Figure 7: Training and Testing Accuracy for ANN model.

Table 2:Comparative analysis for Heart Disease Prediction between the model’s performance

have little overfitting, as shown by the tight agreement between the training and validation accuracies, which implies it does a good job of generalising to new data. Despite these fluctuations, the model achieves a reasonably high accuracy, showcasing its effectiveness in addressing the research objectives.

The ROC curve illustrates the model’s classification performance, with an AUC of 0.893, indicating strong predictive capability. The curve’s steep rise towards the top-left corner reflects high sensitivity at low false positive rates, while its gradual levelling demonstrates robust performance across various thresholds. This excellent AUC result is in line with the research goals since it shows that the model can successfully differentiate between positive and negative classes.

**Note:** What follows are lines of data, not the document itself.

lemma prefix_sum_root_comb:
  assumes "m \<in> {1..n}"
  shows "prefix_sum (\<Sum>k\<in>{1..n}. smul (of_int (c k)) (alpha n k)) m =
    (if m < n then of_int (c m) else 2 * of_int (c n))"
proof -
  have "prefix_sum (\<Sum>k\<in>{1..n}. smul (of_int (c k)) (alpha n k)) m =
      (\<Sum>k\<in>{1..n}. if m < n then (if k = m then of_int (c m) else 0)
                       else (if k = n then 2 * of_int (c n) else 0))"
    unfolding prefix_sum_sum prefix_sum_smul using assms by (intro sum.cong) (auto simp: prefix_sum_alpha)
  then show ?thesis
    using assms by simp
qed

lemma vec_eq_if_prefix_sums_eq:
  assumes "\<And>t. t \<notin> {1..n} \<Longrightarrow> u t = 0" "\<And>t. t \<notin> {1..n} \<Longrightarrow> v t = 0"
    and "\<And>m. m \<in> {1..n} \<Longrightarrow> prefix_sum u m = prefix_sum v m"
  shows "u = v"
proof
  have prefix_eq: "prefix_sum u m = prefix_sum v m" if "m \<le> n" for m
    using that assms(3)[of m] by (cases "m = 0") (auto simp: prefix_sum_def)
  have step: "w t = prefix_sum w t - prefix_sum w (t - 1)" if "1 \<le> t" for w t
    using that by (cases t) (auto simp: prefix_sum_def sum.cl_ivl_Suc)
  show "u t = v t" for t
  proof (cases "t \<in> {1..n}")
    case True
    then have "prefix_sum u t = prefix_sum v t" "prefix_sum u (t - 1) = prefix_sum v (t - 1)"
      using prefix_eq by auto
    then show ?thesis
      using True step[of t u] step[of t v] by simp
  qed (use assms in simp)
qed

lemma root_comb_vanishes_outside:
  "t \<notin> {1..n} \<Longrightarrow> (\<Sum>k\<in>{1..n}. smul (of_int (c k)) (alpha n k)) t = 0"
  unfolding sum_fun_apply by (rule sum.neutral) (auto simp: eps_def alpha_def smul_def)

lemma root_comb_coeffs_unique:
  assumes c: "\<forall>k. k \<notin> {1..n} \<longrightarrow> c k = 0" and c': "\<forall>k. k \<notin> {1..n} \<longrightarrow> c' k = 0"
    and eq: "(\<Sum>k\<in>{1..n}. smul (of_int (c k)) (alpha n k)) = (\<Sum>k\<in>{1..n}. smul (of_int (c' k)) (alpha n k))"
  shows "c = c'"
proof
  fix k
  show "c k = c' k"
  proof (cases "k \<in> {1..n}")
    case True
    then have "(if k < n then of_int (c k) else 2 * of_int (c n) :: real) =
        (if k < n then of_int (c' k) else 2 * of_int (c' n))"
      using eq prefix_sum_root_comb[OF True] by metis
    then show ?thesis
      using True by (auto split: if_splits)
  qed (use c c' in auto)
qed

lemma root_coeff_eqI:
  assumes "\<forall>k. k \<notin> {1..n} \<longrightarrow> c k = 0" and "b = (\<Sum>k\<in>{1..n}. smul (of_int (c k)) (alpha n k))"
  shows "root_coeff n b = c"
  unfolding root_coeff_def using assms root_comb_coeffs_unique[of n _ c] by (intro the_equality) auto

lemma root_coeff_eqI_prefix_sums:
  assumes "\<forall>k. k \<notin> {1..n} \<longrightarrow> c k = 0" and "\<And>t. t \<notin> {1..n} \<Longrightarrow> v t = 0"
    and "\<And>m. m \<in> {1..n} \<Longrightarrow> prefix_sum v m = (if m < n then of_int (c m) else 2 * of_int (c n))"
  shows "root_coeff n v = c"
proof (rule root_coeff_eqI[OF assms(1)])
  show "v = (\<Sum>k\<in>{1..n}. smul (of_int (c k)) (alpha n k))"
    by (rule vec_eq_if_prefix_sums_eq) (use assms prefix_sum_root_comb root_comb_vanishes_outside in auto)
qed

lemma root_coeff_eps_diff:
  "1 \<le> p \<Longrightarrow> p < q \<Longrightarrow> q \<le> n \<Longrightarrow> root_coeff n (eps p - eps q) = (\<lambda>m. of_bool (p \<le> m \<and> m < q))"
  by (rule root_coeff_eqI_prefix_sums) (auto simp: prefix_sum_diff prefix_sum_eps, auto simp: eps_def)

lemma root_coeff_eps_add:
  "1 \<le> p \<Longrightarrow> p \<le> q \<Longrightarrow> q \<le> n \<Longrightarrow> root_coeff n (eps p + eps q) =
    (\<lambda>m. if m \<in> {1..n} then (if m < n then of_bool (p \<le> m) + of_bool (q \<le> m) else 1) else 0)"
  by (rule root_coeff_eqI_prefix_sums) (auto simp: prefix_sum_add prefix_sum_eps, auto simp: eps_def)

lemma alpha_inj:
  assumes "k \<in> {1..n}" "k' \<in> {1..n}" "alpha n k = alpha n k'"
  shows "k = k'"
proof -
  have "prefix_sum (alpha n k) k = prefix_sum (alpha n k') k"
    using assms(3) by simp
  then show ?thesis
    using assms(1,2) prefix_sum_alpha[of k n k] prefix_sum_alpha[of k' n k] by (auto split: if_splits)
qed

lemma neq_neg_alpha_if_prefix_sums_nonneg:
  assumes "\<And>m. 0 \<le> prefix_sum v m" "i \<in> {1..n}"
  shows "v \<noteq> - alpha n i"
proof
  assume "v = - alpha n i"
  then have "prefix_sum v i < 0"
    using assms(2) by (auto simp: prefix_sum_uminus prefix_sum_alpha)
  then show False
    using assms(1)[of i] by simp
qed

section \<open>Simple reflections and \<open>\<tau>\<close> on the standard basis\<close>

lemma dotp_eps: "dotp n v (eps a) = (if a \<in> {1..n} then v a else 0)"
  unfolding dotp_def eps_def by (simp add: sum.delta if_distrib cong: if_cong)

lemma dotp_diff: "dotp n v (a - b) = dotp n v a - dotp n v b"
  and dotp_smul: "dotp n v (smul c a) = c * dotp n v a"
  unfolding dotp_def smul_def by (simp_all add: sum_subtractf sum_distrib_left algebra_simps)

lemma refl_diff: "refl n a (u - v) = refl n a u - refl n a v"
  and refl_add: "refl n a (u + v) = refl n a u + refl n a v"
  and refl_uminus: "refl n a (- u) = - refl n a u"
  and refl_smul: "refl n a (smul c u) = smul c (refl n a u)"
  by (rule ext; simp add: refl_def dotp_def smul_def sum_subtractf sum.distrib sum_negf
      sum_distrib_left algebra_simps add_divide_distrib diff_divide_distrib)+

lemma sref_eq_comp_transpose:
  assumes "1 \<le> m" "m < n"
  shows "sref n m v = v \<circ> transpose m (m + 1)"
proof -
  have "dotp n (alpha n m) (alpha n m) = 2"
    using assms by (simp add: alpha_def dotp_diff dotp_eps) (simp add: eps_def)
  moreover have "dotp n v (alpha n m) = v m - v (m + 1)"
    using assms by (simp add: alpha_def dotp_diff dotp_eps)
  ultimately show ?thesis
    using assms unfolding sref_def refl_def
    by (intro ext) (auto simp: alpha_def smul_def eps_def transpose_def field_simps)
qed

lemma sref_last:
  assumes "1 \<le> n"
  shows "sref n n v = v(n := - v n)"
proof -
  have "dotp n (alpha n n) (alpha n n) = 4"
    using assms by (simp add: alpha_def dotp_smul dotp_eps) (simp add: eps_def smul_def)
  moreover have "dotp n v (alpha n n) = 2 * v n"
    using assms by (simp add: alpha_def dotp_smul dotp_eps)
  ultimately show ?thesis
    unfolding sref_def refl_def by (intro ext) (auto simp: alpha_def smul_def eps_def)
qed

lemma sref_eps_transpose: "1 \<le> m \<Longrightarrow> m < n \<Longrightarrow> sref n m (eps a) = eps (transpose m (m + 1) a)"
  by (auto simp: sref_eq_comp_transpose eps_def transpose_def)

lemma sref_last_eps: "1 \<le> n \<Longrightarrow> sref n n (eps a) = (if a = n then - eps n else eps a)"
  by (auto simp: sref_last eps_def)

lemma sprod_Nil: "sprod n [] = id"
  and sprod_Cons: "sprod n (x # xs) = sref n x \<circ> sprod n xs"
  by (simp_all add: sprod_def)

lemma sprod_append: "sprod n (xs @ ys) = sprod n xs \<circ> sprod n ys"
  unfolding sprod_def by (induction xs) auto

lemma sprod_diff: "sprod n xs (u - v) = sprod n xs u - sprod n xs v"
  and sprod_add: "sprod n xs (u + v) = sprod n xs u + sprod n xs v"
  and sprod_uminus: "sprod n xs (- u) = - sprod n xs u"
  and sprod_smul: "sprod n xs (smul c u) = smul c (sprod n xs u)"
  by (induction xs) (simp_all add: sprod_Nil sprod_Cons sref_def refl_diff refl_add refl_uminus refl_smul)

The results highlight the model’s reliability for the classification task, suggesting its suitability for real-world applications.

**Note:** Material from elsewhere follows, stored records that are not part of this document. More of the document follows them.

fun ert :: "'v prog \<Rightarrow> 'v rt \<Rightarrow> 'v rt" where
  "ert (Tick e) f = sepcon (tm e) f"
| "ert (Assign x e) f = rsubst f x e"
| "ert (Alloc x e) f =
     supv (\<lambda>v. wand (bigsep_e e (\<lambda>i. pto (\<lambda>_. v + i - 1) (\<lambda>_. 0))) (rsubst f x (\<lambda>_. v)))"
| "ert (Store e e') f = sepcon (pto_any e) (wand (pto e e') f)"
| "ert (Load x e) f =
     infv (\<lambda>v. sepcon (pto e (\<lambda>_. v)) (wand (pto e (\<lambda>_. v)) (rsubst f x (\<lambda>_. v))))"
| "ert (Free e) f = sepcon (pto_any e) f"
| "ert (PChoice C1 p C2) f =
     (\<lambda>\<sigma>. ennreal (real_of_rat (p (fst \<sigma>))) * ert C1 f \<sigma>
         + ennreal (1 - real_of_rat (p (fst \<sigma>))) * ert C2 f \<sigma>)"
| "ert (If b C1 C2) f = (\<lambda>\<sigma>. if b (fst \<sigma>) then ert C1 f \<sigma> else ert C2 f \<sigma>)"
| "ert (Seq C1 C2) f = ert C1 (ert C2 f)"
| "ert (While b C) f = lfp (\<lambda>g \<sigma>. if b (fst \<sigma>) then ert C g \<sigma> else f \<sigma>)"

definition inA :: "('v state \<Rightarrow> real) \<Rightarrow> 'v art \<Rightarrow> bool" where
  "inA \<pi> X \<longleftrightarrow> (\<forall>\<sigma>. - ereal (\<pi> \<sigma>) \<le> X \<sigma>)"

text \<open>Least fixed point in the complete lattice (A_pi, \<le>) (Knaster--Tarski);
  infima in A_pi of nonempty sets are pointwise, the empty infimum is the constant \<infinity>.\<close>
definition lfpA :: "('v state \<Rightarrow> real) \<Rightarrow> ('v art \<Rightarrow> 'v art) \<Rightarrow> 'v art" where
  "lfpA \<pi> \<Phi> = Inf {Y. inA \<pi> Y \<and> \<Phi> Y \<le> Y}"

definition alift :: "('v state \<Rightarrow> real) \<Rightarrow> ('v rt \<Rightarrow> 'v rt) \<Rightarrow> 'v art \<Rightarrow> 'v art" where
  "alift \<pi> T X = (\<lambda>\<sigma>. enn2ereal (T (\<lambda>\<sigma>'. e2ennreal (X \<sigma>' + ereal (\<pi> \<sigma>'))) \<sigma>) - ereal (\<pi> \<sigma>))"

fun aert :: "('v state \<Rightarrow> real) \<Rightarrow> 'v prog \<Rightarrow> 'v art \<Rightarrow> 'v art" where
  "aert \<pi> (Tick e) X = (\<lambda>\<sigma>. ereal (real (e (fst \<sigma>))) + X \<sigma>)"
| "aert \<pi> (Assign x e) X = alift \<pi> (ert (Assign x e)) X"
| "aert \<pi> (Alloc x e) X = alift \<pi> (ert (Alloc x e)) X"
| "aert \<pi> (Store e e') X = alift \<pi> (ert (Store e e')) X"
| "aert \<pi> (Load x e) X = alift \<pi> (ert (Load x e)) X"
| "aert \<pi> (Free e) X = alift \<pi> (ert (Free e)) X"
| "aert \<pi> (PChoice C1 p C2) X =
     (\<lambda>\<sigma>. ereal (real_of_rat (p (fst \<sigma>))) * aert \<pi> C1 X \<sigma>
         + ereal (1 - real_of_rat (p (fst \<sigma>))) * aert \<pi> C2 X \<sigma>)"
| "aert \<pi> (If b C1 C2) X = (\<lambda>\<sigma>. if b (fst \<sigma>) then aert \<pi> C1 X \<sigma> else aert \<pi> C2 X \<sigma>)"
| "aert \<pi> (Seq C1 C2) X = aert \<pi> C1 (aert \<pi> C2 X)"
| "aert \<pi> (While b C) X = lfpA \<pi> (\<lambda>Y \<sigma>. if b (fst \<sigma>) then aert \<pi> C Y \<sigma> else X \<sigma>)"

end

(* For an atomic statement, ert is sup-continuous: substitution, the magic wand and the
   supremum over a fresh value commute with suprema of arbitrary families; separating
   conjunction with a precise assertion (a points-to) splits the heap in at most one way,
   so it is a translation by a constant; and for a load the infimum over the value v
   collapses to the single v stored at e.  Shifting by +pi and -pi preserves continuity.

   Probabilistic choice is where membership in A_pi matters: the values stay above -pi,
   so no -\<infinity> occurs, which would break additivity of suprema (in ereal, \<infinity> + -\<infinity> = \<infinity>).
   For a loop, the induction hypothesis for the body makes the supremum of the least
   fixed points of the approximating functionals a prefixed point of the limit functional. *)

theory Submission
  imports Defs
begin

lemma hmap_hunion: "hmap (hunion h1 h2) = hmap h1 ++ hmap h2"
  unfolding hunion_def using hmap[of h1] hmap[of h2] by (intro Abs_heap_inverse) auto

lemma map_add_restrict_disjoint:
  assumes "dom m1 \<inter> dom m2 = {}"
  shows "(m1 ++ m2) |` dom m1 = m1" "(m1 ++ m2) |` (- dom m1) = m2"
  using assms by (auto simp: fun_eq_iff restrict_map_def map_add_def split: option.split)

lemma hunion_split_unique:
  assumes "hdisj h1 h2" "hdisj h1' h2'" "hunion h1 h2 = hunion h1' h2'"
    and "dom (hmap h1) = dom (hmap h1')"
  shows "h1 = h1' \<and> h2 = h2'"
proof -
  have "hmap h1 ++ hmap h2 = hmap h1' ++ hmap h2'"
    using assms(3) by (metis hmap_hunion)
  then have "hmap h1 = hmap h1' \<and> hmap h2 = hmap h2'"
    using assms(1,2,4) map_add_restrict_disjoint unfolding hdisj_def by metis
  then show ?thesis by (simp add: hmap_inject)
qed

section \<open>Sup-continuity of the atomic runtime transformers\<close>

definition precise :: "'v rt \<Rightarrow> bool" where
  "precise F \<longleftrightarrow>
     (\<forall>s h h'. F (s, h) \<noteq> \<infinity> \<longrightarrow> F (s, h') \<noteq> \<infinity> \<longrightarrow> dom (hmap h) = dom (hmap h'))"

lemma precise_pto: "precise (pto e e')"
  unfolding precise_def pto_def by (auto split: if_splits)

lemma precise_pto_any: "precise (pto_any e)"
  unfolding precise_def pto_any_def by (auto split: if_splits)

lemma sepcon_precise_split:
  assumes "precise F" "hdisj h1 h2" "h = hunion h1 h2" "F (s, h1) \<noteq> \<infinity>"
  shows "sepcon F g (s, h) = F (s, h1) + g (s, h2)"
  unfolding sepcon_def
proof (simp, intro antisym Inf_lower Inf_greatest; clarify?)
  show "\<exists>h1' h2'. F (s, h1) + g (s, h2) = F (s, h1') + g (s, h2') \<and>
      hdisj h1' h2' \<and> h = hunion h1' h2'"
    using assms(2,3) by blast
  fix h1' h2' assume split': "hdisj h1' h2'" "h = hunion h1' h2'"
  show "F (s, h1) + g (s, h2) \<le> F (s, h1') + g (s, h2')"
  proof (cases "F (s, h1') = \<infinity>")
    case False
    then have "dom (hmap h1) = dom (hmap h1')"
      using assms(1,4) unfolding precise_def by blast
    then show ?thesis using hunion_split_unique[OF assms(2) split'(1)] assms(3) split'(2) by simp
  qed simp
qed

lemma sepcon_eq_top:
  assumes "\<And>h1 h2. hdisj h1 h2 \<Longrightarrow> h = hunion h1 h2 \<Longrightarrow> F (s, h1) = \<infinity>"
  shows "sepcon F g (s, h) = \<infinity>"
  unfolding sepcon_def using assms by (auto intro!: Inf_eqI simp: top_unique)

lemma sup_continuous_sepcon: "precise F \<Longrightarrow> sup_continuous (sepcon F)"
  unfolding sup_continuous_def
proof (intro allI impI ext)
  fix M :: "nat \<Rightarrow> 'a rt" and \<sigma> :: "'a state"
  assume "precise F"
  obtain s h where \<sigma>: "\<sigma> = (s, h)" by fastforce
  show "sepcon F (SUP i. M i) \<sigma> = (SUP i. sepcon F (M i)) \<sigma>"
  proof (cases "\<exists>h1 h2. hdisj h1 h2 \<and> h = hunion h1 h2 \<and> F (s, h1) \<noteq> \<infinity>")
    case True
    then obtain h1 h2 where "hdisj h1 h2" "h = hunion h1 h2" "F (s, h1) \<noteq> \<infinity>" by blast
    then show ?thesis
      using sepcon_precise_split[OF \<open>precise F\<close>] unfolding \<sigma>
      by (simp add: image_comp ennreal_SUP_add_right)
  qed (simp add: \<sigma> sepcon_eq_top image_comp)
qed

The evaluation of model performance, as shown in (Table II), reveals that ANN demonstrated the highest effectiveness with an accuracy86%, precision86%, recall84%, and an F1-score83, making it the most reliable model for heart disease prediction. DT followed closely with balanced metrics, including an accuracy of 77.5%, precision of 77.4%, recall of 83%, and an F1-score of 80.1, indicating consistent performance. SVM achieved a comparable accuracy of 78.1% but struggled with a low recall of 42.3%, resulting in the absence of an F1-score due to its limited ability to identify positive cases effectively. RF, on the other hand, exhibited the lowest performance with an accuracy67%, precision64%, recall63%, and an F1-score66, suggesting significant limitations in its predictive capability. Overall, ANN stands out as the most effective model, excelling across all key performance metrics.

Conclusion and Future Scope

The heart and the arteries that supply blood to it are susceptible to a broad variety of conditions that are grouped together as heart disease. To put it simply, ML algorithms construct models by discovering latent patterns in the submitted dataset. This study employed a variety of datasets, including the Cleveland Heart Disease Dataset, to examine multiple ML approaches to cardiac disease prediction. The primary objective was to assess the efficacy of various classification models, including DT, SVM, RF, and ANN. With an accuracy of 86%, precision of 86%, recall of 84%, and F1- score of 83%, the results show that the ANN model performs better than other methods. This highlights the robustness and reliability of ANN in predicting heart disease, making it a promising tool for early diagnosis in the healthcare sector. To improve an efficiency of ML models, the research also highlighted the significance of preprocessing, which comprises cleaning the data, removing outliers, and selecting features. Accuracy, precision, recall, and F1-score were the metrics used to assess the models, providing a holistic view of how well they performed in practical clinical settings. Improved prediction of cardiac disease may be possible in the future with an employ of modern DL models coupled with real-time monitoring devices.